CAMP AL QA'IM, Iraq -- On his second deployment to Iraq, Lance Cpl. Jacob A. Lamb admits that communicating with friends and family back home is easier thanks to a relatively new program: Moto Mail.
‘Moto’ is short for ‘motivation,’ and it’s what U.S. service members like Lamb use as a means to keep contact with his friends and family back home.
This roughly two-year-old program allows U.S. service members deployed overseas to receive letters for free via an electronic system. The letters are printed and enveloped at the military post office, and in the hands of the servic emember within 24 hours.
Since Marines such as Lamb, don’t always have access to the internet or phones, Moto Mail is a major advance over email which still relies on the recipient having computer access, said Lamb, who is on his second deployment to Iraq.
“I didn’t even know the program existed last year,” said Lamb, 22, a motor transport operator with 2nd Combat Engineer Battalion, which is currently supporting 1st Battalion, 7th Marine Regiment here. “Now I get about six or seven Moto Mails a week from friends.”
Lamb is currently supporting a combat engineer company with the battalion and works at remote sites building fortified battle positions, emplacing security barriers and improving the quarters of Marines and Iraqi soldiers throughout the region.
Moto Mail printer, folder and sealer ensure Lamb’s Moto Mail letters with news from his hometown of Murfreesboro, is private and kept confidential
With Moto Mail, Lamb can receive his mail in a printed letter format and catch up with news from his hometown of Murfreesboro, Tenn., virtually overnight.
On April 24, upon returning to his unit’s remote base here from a week-long outing, Lamb found a stack of Moto Mails on his bed and discovered that he had become the one-millionth Moto Mail recipient – a milestone in the Moto Mail program, according to Chief Warrant Officer 2 Cecilia E. Salter, a postal officer from 1st Marine Logistics Group.
Currently, the Marine Corps is the only U.S. military branch that has such a program for Iraq-deployed U.S. service members, according to Salter. The Marine Corps has also expanded the service to Marines and sailors aboard certain naval vessels, she said.
“This is very significant for Marines serving in an area of operations such as Al Qa’im,” said Salter, a postal officer from 1st Marine Logistics Group. “It’s a major morale booster for Marines, especially those now in Iraq.”
The 32-year-old Marine from Camp Pendleton, Calif., presented Lamb with a gift certificate for $250, a $50 Super Letter account credit, a “Go Postal” T-shirt and coin, and a care package filled with snacks and personal hygiene items for being the recipient of the one-millionth Moto Mail.

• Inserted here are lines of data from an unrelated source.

lemma diff_family_subset_if_intersecting:
  assumes "finite U" "F \<subseteq> ksubsets U k" "intersecting F"
  shows "diff_family F \<subseteq> (\<Union>j\<in>{0..k-1}. ksubsets U j)"
proof
  fix X assume "X \<in> diff_family F"
  then obtain A B where X: "X = A - B" and AB: "A \<in> F" "B \<in> F"
    unfolding diff_family_def by blast
  have A: "A \<subseteq> U" "card A = k"
    using AB assms(2) by (auto simp: ksubsets_def)
  have "A \<inter> B \<noteq> {}"
    using AB assms(3) unfolding intersecting_def by blast
  then have "card (A \<inter> B) \<ge> 1"
    using A assms(1) by (simp add: Suc_le_eq card_gt_0_iff finite_subset)
  moreover have "card (A - B) = card A - card (A \<inter> B)"
    using A assms(1) by (simp add: card_Diff_subset_Int finite_subset)
  ultimately show "X \<in> (\<Union>j\<in>{0..k-1}. ksubsets U j)"
    using A X by (auto simp: ksubsets_def)
qed

lemma obtain_disjoint_subsets:
  assumes "finite X" "p + q \<le> card X"
  obtains P Q where "P \<subseteq> X" "Q \<subseteq> X" "P \<inter> Q = {}" "card P = p" "card Q = q"
proof -
  obtain P where P: "P \<subseteq> X" "card P = p"
    using obtain_subset_with_card_n[of p X] assms by auto
  have "q \<le> card (X - P)"
    using assms P by (simp add: card_Diff_subset finite_subset)
  then obtain Q where "Q \<subseteq> X - P" "card Q = q"
    using obtain_subset_with_card_n by metis
  with P show ?thesis
    using that by blast
qed

lemma extend_to_pair:
  assumes fin: "finite D" "finite L" "finite M" "finite T"
    and disj: "L \<inter> M = {}" "T \<inter> (L \<union> M) = {}"
    and EA: "EA \<subseteq> T - D" and EC: "EC \<subseteq> T - D" and "EA \<inter> EC = {}"
    and room: "p1 + q1 \<le> card (L - D)" "p2 + q2 \<le> card (M - D)"
    and size: "card D + card EA + p1 + p2 = n" "card D + card EC + q1 + q2 = n"
  obtains A C where "A \<subseteq> D \<union> L \<union> M \<union> T" "C \<subseteq> D \<union> L \<union> M \<union> T" "card A = n" "card C = n"
    "A \<inter> C = D" "card (A \<inter> L) = card (D \<inter> L) + p1" "card (C \<inter> L) = card (D \<inter> L) + q1"
    "A \<inter> T = (D \<union> EA) \<inter> T" "C \<inter> T = (D \<union> EC) \<inter> T"
proof -
  obtain P1 Q1 where P1Q1: "P1 \<subseteq> L - D" "Q1 \<subseteq> L - D" "P1 \<inter> Q1 = {}" "card P1 = p1" "card Q1 = q1"
    using obtain_disjoint_subsets[of "L - D" p1 q1] room(1) fin(2) by auto
  obtain P2 Q2 where P2Q2: "P2 \<subseteq> M - D" "Q2 \<subseteq> M - D" "P2 \<inter> Q2 = {}" "card P2 = p2" "card Q2 = q2"
    using obtain_disjoint_subsets[of "M - D" p2 q2] room(2) fin(3) by auto
  have fin_parts: "finite EA" "finite EC" "finite P1" "finite Q1" "finite P2" "finite Q2"
    using EA EC P1Q1(1,2) P2Q2(1,2) fin by (auto intro: finite_subset)
  define A where "A = D \<union> EA \<union> P1 \<union> P2"
  define C where "C = D \<union> EC \<union> Q1 \<union> Q2"
  have "card A = card D + card EA + card P1 + card P2"
  proof -
    have "D \<inter> EA = {}" "(D \<union> EA) \<inter> P1 = {}" "(D \<union> EA \<union> P1) \<inter> P2 = {}"
      using EA P1Q1(1) P2Q2(1) disj by blast+
    then show ?thesis
      unfolding A_def using fin fin_parts by (simp add: card_Un_disjoint)
  qed
  moreover have "card C = card D + card EC + card Q1 + card Q2"
  proof -
    have "D \<inter> EC = {}" "(D \<union> EC) \<inter> Q1 = {}" "(D \<union> EC \<union> Q1) \<inter> Q2 = {}"
      using EC P1Q1(2) P2Q2(2) disj by blast+
    then show ?thesis
      unfolding C_def using fin fin_parts by (simp add: card_Un_disjoint)
  qed
  moreover have "A \<inter> L = (D \<inter> L) \<union> P1" "C \<inter> L = (D \<inter> L) \<union> Q1"
    unfolding A_def C_def using EA EC P1Q1 P2Q2 disj by blast+
  moreover have "(D \<inter> L) \<inter> P1 = {}" "(D \<inter> L) \<inter> Q1 = {}"
    using P1Q1 by blast+
  moreover have "A \<inter> C = D"
    unfolding A_def C_def using EA EC \<open>EA \<inter> EC = {}\<close> P1Q1 P2Q2 disj by blast
  moreover have "A \<subseteq> D \<union> L \<union> M \<union> T" "C \<subseteq> D \<union> L \<union> M \<union> T"
    "A \<inter> T = (D \<union> EA) \<inter> T" "C \<inter> T = (D \<union> EC) \<inter> T"
    unfolding A_def C_def using EA EC P1Q1 P2Q2 disj by blast+
  ultimately show ?thesis
    using that P1Q1(4,5) P2Q2(4,5) size fin fin_parts by (simp add: card_Un_disjoint)
qed

lemma obtain_parity_adjusted:
  fixes r c :: nat
  assumes "r \<ge> 1"
  obtains p where "p \<le> r" "r \<le> p + 1" "odd (c + p) \<longleftrightarrow> P"
proof (cases "odd (c + r) \<longleftrightarrow> P")
  case True
  then show ?thesis
    using that[of r] by simp
next
  case False
  then show ?thesis
    using that[of "r - 1"] assms by (cases r) auto
qed

definition low :: "nat \<Rightarrow> nat set" where
  "low k = {1..k-1}"

definition mid :: "nat \<Rightarrow> nat set" where
  "mid k = {k..2*k-2}"

definition low_count :: "nat \<Rightarrow> nat set \<Rightarrow> nat" where
  "low_count k A = card (A \<inter> low k)"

Lamb, a graduate of Oakland High School in Murfreesboro, Tenn., uses the program because of its relative ease and accessibility, he said.
Other Marines here, such as Cpl. Joffre Castillo, a 22-year-old administrative clerk, say Moto Mail is a good method to get immediate news from home.
“My wife has contacted me several times during the deployment about vital matters at home like medical issues and health updates,” said the Twentynine Palms, Calif., native who has kept as much communication as possible with his loved ones back home.
Lamb, who enrolled in the Marine Corps more than two years ago, says that without Moto Mail he would probably not find out about “everyday regular things” that go on back home.
“It feels good to know what’s going on and I can choose to respond the same day I get the letters,” said Lamb.
Now more than halfway through his second deployment (his unit arrived in February), Lamb is simply looking forward to getting back home to Camp Lejeune, N.C., and hanging out with his friends and driving his brand new truck.
“I can’t wait to get home and meet my new nephew,” said Lamb. “As long as I stay busy and keep doing my job out here, time will go by that much faster.”